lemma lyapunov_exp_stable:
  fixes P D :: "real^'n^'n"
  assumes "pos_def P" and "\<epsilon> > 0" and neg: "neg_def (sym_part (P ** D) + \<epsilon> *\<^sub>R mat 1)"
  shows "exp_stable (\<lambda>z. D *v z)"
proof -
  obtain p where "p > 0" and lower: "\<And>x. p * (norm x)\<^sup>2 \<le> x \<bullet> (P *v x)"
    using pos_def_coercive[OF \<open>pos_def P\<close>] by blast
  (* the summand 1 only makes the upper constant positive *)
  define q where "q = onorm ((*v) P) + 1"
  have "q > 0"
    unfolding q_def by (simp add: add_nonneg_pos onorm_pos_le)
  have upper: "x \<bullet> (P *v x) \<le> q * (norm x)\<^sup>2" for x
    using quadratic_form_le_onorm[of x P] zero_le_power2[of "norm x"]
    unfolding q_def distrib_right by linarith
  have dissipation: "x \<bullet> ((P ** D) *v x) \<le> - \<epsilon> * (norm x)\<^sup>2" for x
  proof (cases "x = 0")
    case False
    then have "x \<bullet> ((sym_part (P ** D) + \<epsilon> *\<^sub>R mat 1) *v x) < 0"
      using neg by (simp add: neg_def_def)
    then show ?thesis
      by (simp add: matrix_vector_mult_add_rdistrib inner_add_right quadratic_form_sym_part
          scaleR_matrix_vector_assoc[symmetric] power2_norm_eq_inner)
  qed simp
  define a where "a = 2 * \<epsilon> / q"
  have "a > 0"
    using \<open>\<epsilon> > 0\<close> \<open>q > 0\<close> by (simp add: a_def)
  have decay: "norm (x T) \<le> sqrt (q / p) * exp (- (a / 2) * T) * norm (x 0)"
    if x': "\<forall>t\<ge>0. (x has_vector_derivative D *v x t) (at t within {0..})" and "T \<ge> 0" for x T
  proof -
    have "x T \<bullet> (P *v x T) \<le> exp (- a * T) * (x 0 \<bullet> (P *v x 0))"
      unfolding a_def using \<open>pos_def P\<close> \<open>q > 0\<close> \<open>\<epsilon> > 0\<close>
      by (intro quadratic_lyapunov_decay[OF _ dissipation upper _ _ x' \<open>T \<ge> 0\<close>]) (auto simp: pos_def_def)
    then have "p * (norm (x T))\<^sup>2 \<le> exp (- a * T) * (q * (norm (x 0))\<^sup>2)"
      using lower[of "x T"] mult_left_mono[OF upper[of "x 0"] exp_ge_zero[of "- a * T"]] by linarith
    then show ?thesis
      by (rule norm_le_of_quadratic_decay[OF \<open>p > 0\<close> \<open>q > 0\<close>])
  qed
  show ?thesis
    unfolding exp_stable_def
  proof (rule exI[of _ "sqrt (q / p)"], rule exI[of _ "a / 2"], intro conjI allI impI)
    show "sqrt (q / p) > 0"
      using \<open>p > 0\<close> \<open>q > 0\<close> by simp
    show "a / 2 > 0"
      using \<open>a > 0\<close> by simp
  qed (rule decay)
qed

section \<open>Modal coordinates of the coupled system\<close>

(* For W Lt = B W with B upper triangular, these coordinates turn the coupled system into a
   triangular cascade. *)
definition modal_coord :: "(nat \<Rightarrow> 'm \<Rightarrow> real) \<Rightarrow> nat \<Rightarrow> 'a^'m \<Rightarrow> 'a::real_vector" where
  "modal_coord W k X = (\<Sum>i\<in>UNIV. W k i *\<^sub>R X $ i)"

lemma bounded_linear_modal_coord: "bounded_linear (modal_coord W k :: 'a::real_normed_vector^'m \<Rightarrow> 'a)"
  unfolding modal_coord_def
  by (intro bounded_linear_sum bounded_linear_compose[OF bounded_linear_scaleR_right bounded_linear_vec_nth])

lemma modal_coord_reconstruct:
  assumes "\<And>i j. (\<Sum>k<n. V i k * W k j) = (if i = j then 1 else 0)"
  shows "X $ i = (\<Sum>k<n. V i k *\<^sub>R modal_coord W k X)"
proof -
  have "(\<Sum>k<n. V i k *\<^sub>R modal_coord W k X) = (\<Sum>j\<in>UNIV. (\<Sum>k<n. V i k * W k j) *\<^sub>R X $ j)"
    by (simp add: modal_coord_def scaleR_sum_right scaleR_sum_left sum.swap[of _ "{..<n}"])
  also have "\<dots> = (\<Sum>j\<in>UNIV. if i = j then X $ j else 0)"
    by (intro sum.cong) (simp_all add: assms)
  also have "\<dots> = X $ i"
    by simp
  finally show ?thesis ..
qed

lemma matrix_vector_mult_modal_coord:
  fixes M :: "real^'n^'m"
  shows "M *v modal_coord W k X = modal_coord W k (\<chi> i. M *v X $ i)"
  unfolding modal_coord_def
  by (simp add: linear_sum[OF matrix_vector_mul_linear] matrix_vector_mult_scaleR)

* * *

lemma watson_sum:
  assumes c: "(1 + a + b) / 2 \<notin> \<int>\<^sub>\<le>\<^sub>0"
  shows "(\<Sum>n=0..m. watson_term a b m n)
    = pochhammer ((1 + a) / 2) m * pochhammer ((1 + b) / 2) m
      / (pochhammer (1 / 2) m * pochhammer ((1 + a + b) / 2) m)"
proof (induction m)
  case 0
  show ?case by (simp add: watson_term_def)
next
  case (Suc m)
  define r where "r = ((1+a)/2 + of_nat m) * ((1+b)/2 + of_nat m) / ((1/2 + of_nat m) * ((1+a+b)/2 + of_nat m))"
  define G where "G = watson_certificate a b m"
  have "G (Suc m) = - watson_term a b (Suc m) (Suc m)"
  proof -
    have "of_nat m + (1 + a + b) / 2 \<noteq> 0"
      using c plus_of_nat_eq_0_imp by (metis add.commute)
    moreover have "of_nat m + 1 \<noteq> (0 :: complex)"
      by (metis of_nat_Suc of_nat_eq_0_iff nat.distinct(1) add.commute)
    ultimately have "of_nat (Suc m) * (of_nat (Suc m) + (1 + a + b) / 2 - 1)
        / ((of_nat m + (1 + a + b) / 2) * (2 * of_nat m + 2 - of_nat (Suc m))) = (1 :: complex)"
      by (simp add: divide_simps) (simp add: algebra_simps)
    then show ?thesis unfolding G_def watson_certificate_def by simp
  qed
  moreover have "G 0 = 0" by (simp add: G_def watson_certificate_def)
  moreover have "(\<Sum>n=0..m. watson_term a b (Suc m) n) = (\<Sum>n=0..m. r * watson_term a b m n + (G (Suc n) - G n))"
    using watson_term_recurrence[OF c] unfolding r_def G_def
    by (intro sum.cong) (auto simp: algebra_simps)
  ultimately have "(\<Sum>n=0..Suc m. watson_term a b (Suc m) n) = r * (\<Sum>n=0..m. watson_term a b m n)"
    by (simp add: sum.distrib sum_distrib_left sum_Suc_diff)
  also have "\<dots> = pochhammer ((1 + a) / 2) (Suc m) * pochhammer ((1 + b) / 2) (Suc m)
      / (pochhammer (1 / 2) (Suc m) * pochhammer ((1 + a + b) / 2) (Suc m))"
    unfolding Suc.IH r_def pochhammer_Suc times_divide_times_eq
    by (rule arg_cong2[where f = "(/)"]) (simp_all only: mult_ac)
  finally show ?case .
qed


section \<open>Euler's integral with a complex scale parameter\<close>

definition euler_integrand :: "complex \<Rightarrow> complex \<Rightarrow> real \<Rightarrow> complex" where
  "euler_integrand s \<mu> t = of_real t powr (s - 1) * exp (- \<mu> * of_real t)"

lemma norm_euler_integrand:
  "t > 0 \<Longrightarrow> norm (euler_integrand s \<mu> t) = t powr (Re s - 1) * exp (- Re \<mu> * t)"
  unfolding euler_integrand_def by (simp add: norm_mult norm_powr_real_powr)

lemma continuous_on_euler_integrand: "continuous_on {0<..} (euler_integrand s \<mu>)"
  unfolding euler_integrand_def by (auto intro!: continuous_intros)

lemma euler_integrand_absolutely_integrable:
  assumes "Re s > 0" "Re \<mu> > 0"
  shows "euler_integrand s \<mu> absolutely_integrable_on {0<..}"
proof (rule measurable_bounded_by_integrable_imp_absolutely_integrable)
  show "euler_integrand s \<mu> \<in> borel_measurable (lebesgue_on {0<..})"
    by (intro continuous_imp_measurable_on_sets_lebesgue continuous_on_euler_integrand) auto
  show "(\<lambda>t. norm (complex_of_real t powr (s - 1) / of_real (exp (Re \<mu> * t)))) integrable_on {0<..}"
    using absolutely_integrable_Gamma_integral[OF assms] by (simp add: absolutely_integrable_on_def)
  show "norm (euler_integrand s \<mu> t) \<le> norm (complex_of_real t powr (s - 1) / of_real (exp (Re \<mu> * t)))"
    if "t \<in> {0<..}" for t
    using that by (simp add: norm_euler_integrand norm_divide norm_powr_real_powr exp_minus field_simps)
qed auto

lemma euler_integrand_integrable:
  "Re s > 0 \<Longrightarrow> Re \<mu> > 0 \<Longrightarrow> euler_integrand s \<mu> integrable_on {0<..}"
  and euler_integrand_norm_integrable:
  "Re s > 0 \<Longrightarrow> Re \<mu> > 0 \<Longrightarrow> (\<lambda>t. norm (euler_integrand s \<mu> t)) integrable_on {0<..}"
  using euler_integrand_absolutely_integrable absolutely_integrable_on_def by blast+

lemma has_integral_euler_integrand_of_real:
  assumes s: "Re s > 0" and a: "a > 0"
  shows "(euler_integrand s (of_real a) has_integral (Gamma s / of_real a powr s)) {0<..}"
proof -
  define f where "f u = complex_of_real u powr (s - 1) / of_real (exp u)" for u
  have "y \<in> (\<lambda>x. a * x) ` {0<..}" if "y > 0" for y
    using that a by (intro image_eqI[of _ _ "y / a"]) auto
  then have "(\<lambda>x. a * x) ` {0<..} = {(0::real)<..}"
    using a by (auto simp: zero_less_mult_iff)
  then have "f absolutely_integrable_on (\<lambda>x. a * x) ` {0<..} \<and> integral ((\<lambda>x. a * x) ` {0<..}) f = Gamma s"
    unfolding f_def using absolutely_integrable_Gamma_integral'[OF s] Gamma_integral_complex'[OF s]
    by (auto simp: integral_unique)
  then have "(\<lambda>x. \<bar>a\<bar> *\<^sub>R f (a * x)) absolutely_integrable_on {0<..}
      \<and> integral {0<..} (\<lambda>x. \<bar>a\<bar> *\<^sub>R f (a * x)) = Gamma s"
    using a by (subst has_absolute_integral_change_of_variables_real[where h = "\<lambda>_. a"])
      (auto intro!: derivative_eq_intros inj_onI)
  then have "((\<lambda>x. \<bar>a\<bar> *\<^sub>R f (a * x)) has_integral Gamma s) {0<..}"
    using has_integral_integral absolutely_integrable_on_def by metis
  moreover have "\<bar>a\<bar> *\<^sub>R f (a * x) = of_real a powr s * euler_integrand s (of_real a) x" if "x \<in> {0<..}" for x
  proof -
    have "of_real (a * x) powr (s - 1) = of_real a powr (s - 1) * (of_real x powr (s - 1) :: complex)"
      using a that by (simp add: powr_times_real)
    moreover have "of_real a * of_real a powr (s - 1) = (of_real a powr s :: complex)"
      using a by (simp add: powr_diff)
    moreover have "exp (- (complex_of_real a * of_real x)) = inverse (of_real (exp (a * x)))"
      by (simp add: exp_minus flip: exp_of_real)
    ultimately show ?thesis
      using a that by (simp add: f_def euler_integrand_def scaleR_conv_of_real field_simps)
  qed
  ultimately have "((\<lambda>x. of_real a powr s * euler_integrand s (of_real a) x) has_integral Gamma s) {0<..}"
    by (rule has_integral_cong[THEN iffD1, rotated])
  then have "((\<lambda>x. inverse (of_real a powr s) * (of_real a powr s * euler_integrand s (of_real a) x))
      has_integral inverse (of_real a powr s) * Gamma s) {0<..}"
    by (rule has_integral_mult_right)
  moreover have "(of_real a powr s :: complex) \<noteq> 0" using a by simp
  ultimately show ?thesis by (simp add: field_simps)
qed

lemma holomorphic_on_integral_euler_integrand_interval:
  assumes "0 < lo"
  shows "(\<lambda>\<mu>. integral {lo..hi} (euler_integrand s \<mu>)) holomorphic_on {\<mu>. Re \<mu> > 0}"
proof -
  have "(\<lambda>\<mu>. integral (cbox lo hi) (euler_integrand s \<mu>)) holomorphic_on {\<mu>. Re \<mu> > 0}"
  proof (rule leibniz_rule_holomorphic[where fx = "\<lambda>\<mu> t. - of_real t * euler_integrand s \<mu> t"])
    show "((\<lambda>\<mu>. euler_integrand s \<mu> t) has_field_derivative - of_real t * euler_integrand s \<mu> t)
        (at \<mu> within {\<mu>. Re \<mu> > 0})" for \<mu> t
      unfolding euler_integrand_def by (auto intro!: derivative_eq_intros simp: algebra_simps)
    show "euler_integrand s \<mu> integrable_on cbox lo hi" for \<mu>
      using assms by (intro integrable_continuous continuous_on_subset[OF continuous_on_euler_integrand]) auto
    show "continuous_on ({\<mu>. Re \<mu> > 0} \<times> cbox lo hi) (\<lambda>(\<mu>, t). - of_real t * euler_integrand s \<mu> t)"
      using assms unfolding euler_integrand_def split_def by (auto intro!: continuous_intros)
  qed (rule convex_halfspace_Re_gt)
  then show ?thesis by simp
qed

* _Exercise brief_
All that belongs in the answer is the run of lines above from the line containing "using pos_def_coercive[OF \<open>pos_def" through the line containing "(norm (x T))\<^sup>2", exactly as written.

* _Output of the exercise_
    using pos_def_coercive[OF \<open>pos_def P\<close>] by blast
  (* the summand 1 only makes the upper constant positive *)
  define q where "q = onorm ((*v) P) + 1"
  have "q > 0"
    unfolding q_def by (simp add: add_nonneg_pos onorm_pos_le)
  have upper: "x \<bullet> (P *v x) \<le> q * (norm x)\<^sup>2" for x
    using quadratic_form_le_onorm[of x P] zero_le_power2[of "norm x"]
    unfolding q_def distrib_right by linarith
  have dissipation: "x \<bullet> ((P ** D) *v x) \<le> - \<epsilon> * (norm x)\<^sup>2" for x
  proof (cases "x = 0")
    case False
    then have "x \<bullet> ((sym_part (P ** D) + \<epsilon> *\<^sub>R mat 1) *v x) < 0"
      using neg by (simp add: neg_def_def)
    then show ?thesis
      by (simp add: matrix_vector_mult_add_rdistrib inner_add_right quadratic_form_sym_part
          scaleR_matrix_vector_assoc[symmetric] power2_norm_eq_inner)
  qed simp
  define a where "a = 2 * \<epsilon> / q"
  have "a > 0"
    using \<open>\<epsilon> > 0\<close> \<open>q > 0\<close> by (simp add: a_def)
  have decay: "norm (x T) \<le> sqrt (q / p) * exp (- (a / 2) * T) * norm (x 0)"
    if x': "\<forall>t\<ge>0. (x has_vector_derivative D *v x t) (at t within {0..})" and "T \<ge> 0" for x T
  proof -
    have "x T \<bullet> (P *v x T) \<le> exp (- a * T) * (x 0 \<bullet> (P *v x 0))"
      unfolding a_def using \<open>pos_def P\<close> \<open>q > 0\<close> \<open>\<epsilon> > 0\<close>
      by (intro quadratic_lyapunov_decay[OF _ dissipation upper _ _ x' \<open>T \<ge> 0\<close>]) (auto simp: pos_def_def)
    then have "p * (norm (x T))\<^sup>2 \<le> exp (- a * T) * (q * (norm (x 0))\<^sup>2)"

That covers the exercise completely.